El centenario escarpín mide apenas 22,5 centímetros de largo, lo que equivale a la actual talla 36. El tacón de charol es de 4,7 centímetros de alto y está «recubierto de una capa de barniz gris». Luce una inscripción realizada con pluma en el talón en la que se lee «zapato de María Antonieta regalado al señor de Vosey».

De azarosa historia, la prenda procede de la familia de Charles Gilbert de Lachapelle, comisario general de la casa del rey Luis XVI, y que como él y la propia María Antonieta, fue guillotinado, en su caso en 1794. La esposa de Gilbert, Marie-Emilie Leschevin de Prévoisin, era una gran amiga de la primera dama de cámara de la reina, Madame Campan, y de ella debió recibirlo.

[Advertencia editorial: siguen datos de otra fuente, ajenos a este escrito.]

lemma vodot_self_properties:
  assumes f: "vec_in G0set n f"
  shows "vec_in G0set n (vodot f f)" "Rel n (vodot f f) = Rel n f"
    and "generic n f \<Longrightarrow> generic n (vodot f f)"
    and "strongly_generic n f \<Longrightarrow> strongly_generic n (vodot f f)"
proof -
  have "Q (vodot f f i) (vodot f f j) = 1/2 * Q (f i) (f j)" if "i < n" "j < n" for i j
    using that by (simp add: vodot_def Q_odot vec_in_Gset[OF f])
  moreover have "lin_indep_on n (\<lambda>k. evenpart (vodot f f k))"
    if "lin_indep_on n (\<lambda>k. evenpart (f k))"
    unfolding vodot_def by (rule lin_indep_on_evenpart_odot_self[OF that vec_in_Gset[OF f]])
  ultimately show "vec_in G0set n (vodot f f)" "Rel n (vodot f f) = Rel n f"
    and "generic n f \<Longrightarrow> generic n (vodot f f)"
    and "strongly_generic n f \<Longrightarrow> strongly_generic n (vodot f f)"
    using vodot_properties[OF f vec_in_Gset[OF f] vec_in_integral[OF f], where c = "1/2"] by simp_all
qed

lemma vodot_odd_properties:
  assumes f: "vec_in G0set n f" and g: "vec_in G00set n g"
  shows "vec_in G0set n (vodot g f)" "Rel n (vodot g f) = Rel n f"
    and "generic n f \<Longrightarrow> generic n (vodot g f)"
    and "strongly_generic n f \<Longrightarrow> strongly_generic n (vodot g f)"
proof -
  have odd: "\<And>i. i < n \<Longrightarrow> g i \<in> G00set" using g by (simp add: vec_in_def)
  then have gG: "\<And>i. i < n \<Longrightarrow> g i \<in> Gset" by (simp add: G00set_def)
  have "integral I (g i) = 0" if "i < n" for i
    by (rule integral_odd) (use odd[OF that] in \<open>simp add: G00set_def\<close>)
  moreover have "Q (vodot g f i) (vodot g f j) = 1/4 * Q (f i) (f j)" if "i < n" "j < n" for i j
    using that by (simp add: vodot_def Q_odot vec_in_Gset[OF f] gG Q_odd odd)
  moreover have "lin_indep_on n (\<lambda>k. evenpart (vodot g f k))"
    if "lin_indep_on n (\<lambda>k. evenpart (f k))"
    unfolding vodot_def by (rule lin_indep_on_evenpart_odot_odd[OF that vec_in_Gset[OF f] odd])
  ultimately show "vec_in G0set n (vodot g f)" "Rel n (vodot g f) = Rel n f"
    and "generic n f \<Longrightarrow> generic n (vodot g f)"
    and "strongly_generic n f \<Longrightarrow> strongly_generic n (vodot g f)"
    using vodot_properties[OF f gG, where c = "1/4"] by simp_all
qed

lemma rho_properties:
  assumes f: "vec_in G0set n f" and h: "h \<in> Gset"
  shows "vec_in Gset n (rho h f)" "Rel n (rho h f) = Rel n f"
proof -
  show "vec_in Gset n (rho h f)"
    by (simp add: vec_in_def rho_def comp_Gset vec_in_Gset[OF f] h)
  show "Rel n (rho h f) = Rel n f"
    by (rule Rel_scaled[of 1]) (simp_all add: rho_def Q_comp_right vec_in_Gset[OF f] h)
qed

lemma permutes_id_cons_shift:
  assumes \<pi>: "\<pi> permutes {..<n}"
  shows "(\<lambda>k. if k = 0 then 0 else Suc (\<pi> (k - 1))) permutes {..<Suc n}" (is "?\<sigma> \<pi> permutes _")
proof (rule bij_imp_permutes)
  have maps: "?\<sigma> p \<in> {..<Suc n} \<rightarrow> {..<Suc n}" if p: "p permutes {..<n}" for p
  proof
    fix k :: nat assume "k \<in> {..<Suc n}"
    then show "?\<sigma> p k \<in> {..<Suc n}" using permutes_in_image[OF p, of "k - 1"] by auto
  qed
  show "bij_betw (?\<sigma> \<pi>) {..<Suc n} {..<Suc n}"
    by (rule bij_betwI[OF maps[OF \<pi>] maps[OF permutes_inv[OF \<pi>]]])
      (simp_all add: permutes_inverses[OF \<pi>])
  show "?\<sigma> \<pi> k = k" if "k \<notin> {..<Suc n}" for k
    using that permutes_not_in[OF \<pi>, of "k - 1"] by simp
qed

lemma perm_rel_iff:
  assumes "\<pi> permutes S"
  shows "(a, b) \<in> perm_rel \<pi> R \<longleftrightarrow> (inv \<pi> a, inv \<pi> b) \<in> R"
proof
  assume "(a, b) \<in> perm_rel \<pi> R"
  then show "(inv \<pi> a, inv \<pi> b) \<in> R"
    unfolding perm_rel_def by (auto simp: permutes_inverses[OF assms])
next
  assume "(inv \<pi> a, inv \<pi> b) \<in> R"
  then have "(\<pi> (inv \<pi> a), \<pi> (inv \<pi> b)) \<in> perm_rel \<pi> R" unfolding perm_rel_def by blast
  then show "(a, b) \<in> perm_rel \<pi> R" by (simp add: permutes_inverses[OF assms])
qed

lemma vperm_properties:
  assumes f: "vec_in G0set n f" and \<pi>: "\<pi> permutes {..<n}"
  shows "vec_in G0set n (vperm \<pi> f)" "Rel n (vperm \<pi> f) = perm_rel \<pi> (Rel n f)"
    and "generic n f \<Longrightarrow> generic n (vperm \<pi> f)"
    and "strongly_generic n f \<Longrightarrow> strongly_generic n (vperm \<pi> f)"
proof -
  have inv_\<pi>: "inv \<pi> permutes {..<n}" by (rule permutes_inv[OF \<pi>])
  have inv_lt: "inv \<pi> i < n \<longleftrightarrow> i < n" for i
    using permutes_in_image[OF inv_\<pi>] by simp
  show v: "vec_in G0set n (vperm \<pi> f)"
    using f inv_lt by (simp add: vec_in_def vperm_def)
  show "Rel n (vperm \<pi> f) = perm_rel \<pi> (Rel n f)"
  proof (rule set_eqI)
    fix x :: "nat \<times> nat"
    obtain a b where x: "x = (a, b)" by (cases x)
    show "x \<in> Rel n (vperm \<pi> f) \<longleftrightarrow> x \<in> perm_rel \<pi> (Rel n f)"
      unfolding x perm_rel_iff[OF \<pi>] by (simp add: Rel_def vperm_def inv_lt)
  qed
  have pairwise: "pairwise_Q_nonzero n (vperm \<pi> f)" if f_pw: "pairwise_Q_nonzero n f"
    unfolding pairwise_Q_nonzero_def vperm_def
  proof (intro allI impI)
    fix i j assume "i < n" "j < n" "i \<noteq> j"
    then show "Q (f (inv \<pi> i)) (f (inv \<pi> j)) \<noteq> 0"
      using f_pw[unfolded pairwise_Q_nonzero_def, rule_format, of "inv \<pi> i" "inv \<pi> j"]
      by (simp add: inv_lt inj_eq[OF permutes_inj[OF inv_\<pi>]])
  qed
  have "id_cons (vperm \<pi> f) = id_cons f \<circ> (\<lambda>k. if k = 0 then 0 else Suc (inv \<pi> (k - 1)))"
    by (simp add: id_cons_def vperm_def fun_eq_iff)
  then have "lin_indep_on (Suc n) (id_cons (vperm \<pi> f))" if "lin_indep_on (Suc n) (id_cons f)"
    using lin_indep_on_permute[OF that permutes_id_cons_shift[OF inv_\<pi>]] by simp
  then show "generic n f \<Longrightarrow> generic n (vperm \<pi> f)"
    unfolding generic_iff using v pairwise by blast
  have "(\<lambda>k. evenpart (vperm \<pi> f k)) = (\<lambda>k. evenpart (f k)) \<circ> inv \<pi>"
    by (simp add: vperm_def o_def)
  then have "lin_indep_on n (\<lambda>k. evenpart (vperm \<pi> f k))" if "lin_indep_on n (\<lambda>k. evenpart (f k))"
    using lin_indep_on_permute[OF that inv_\<pi>] by simp
  then show "strongly_generic n f \<Longrightarrow> strongly_generic n (vperm \<pi> f)"
    unfolding strongly_generic_iff using v pairwise by blast
qed

theorem proposition4p16:
  fixes n :: nat and f :: "nat \<Rightarrow> real \<Rightarrow> real"
  assumes "vec_in G0set n f"
  shows
   "(vec_in G0set n (vstar f) \<and> Rel n (vstar f) = (Rel n f)\<inverse>
      \<and> (generic n f \<longrightarrow> generic n (vstar f))
      \<and> (strongly_generic n f \<longrightarrow> strongly_generic n (vstar f)))
    \<and> (vec_in G0set n (vodot f f) \<and> Rel n (vodot f f) = Rel n f
      \<and> (generic n f \<longrightarrow> generic n (vodot f f))
      \<and> (strongly_generic n f \<longrightarrow> strongly_generic n (vodot f f)))
    \<and> (\<forall>g. vec_in G00set n g \<longrightarrow>
        vec_in G0set n (vodot g f) \<and> Rel n (vodot g f) = Rel n f
      \<and> (generic n f \<longrightarrow> generic n (vodot g f))
      \<and> (strongly_generic n f \<longrightarrow> strongly_generic n (vodot g f)))
    \<and> (\<forall>h\<in>Gset. vec_in Gset n (rho h f) \<and> Rel n (rho h f) = Rel n f)
    \<and> (\<forall>\<pi>. \<pi> permutes {..<n} \<longrightarrow>
        vec_in G0set n (vperm \<pi> f) \<and> Rel n (vperm \<pi> f) = perm_rel \<pi> (Rel n f)
      \<and> (generic n f \<longrightarrow> generic n (vperm \<pi> f))
      \<and> (strongly_generic n f \<longrightarrow> strongly_generic n (vperm \<pi> f)))"
  using assms
  by (simp add: vstar_G0set Rel_vstar generic_vstar strongly_generic_vstar vodot_self_properties
      vodot_odd_properties rho_properties vperm_properties)

end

Tras la muerte de Leschevin de Prévoisin en 1816, el zapato ha pertenecido a su familia hasta la subasta del pasado domingo.

Autenticidad demostrada

Los responsables de la casa de subastas aseguran que no hay ninguna duda de que el zapato fue de la reina de origen austríaco. Se desconoce eso sí, cómo se hizo el reparto y la suerte del zapato que completaba el par.

En la misma subasta se adjudicó por 27.500 euros a «una gran colección de Francia» un baúl de madera que fue guardarropa de María Antonieta antes de convertirse en reina. También esta pieza se remató de nuevo muy por encima de la estimación, que se había fijado en entre 6.000 y 8.000 euros. En mayo pasado otro baúl de la ‘suite’ de María Antonieta y una gran toalla empleada durante su coronación en 1774 se remataron también por 43.750 euros, otra prueba de la fascinación que sigue suscitando la reina guillotinada.

«María Antonieta es un personaje bastante mítico. Levanta una verdadera pasión en todo el mundo» confirma Jean-Christophe Chataignier, socio y director del departamento de Imperio y Memoria Histórica de la firma Osenat.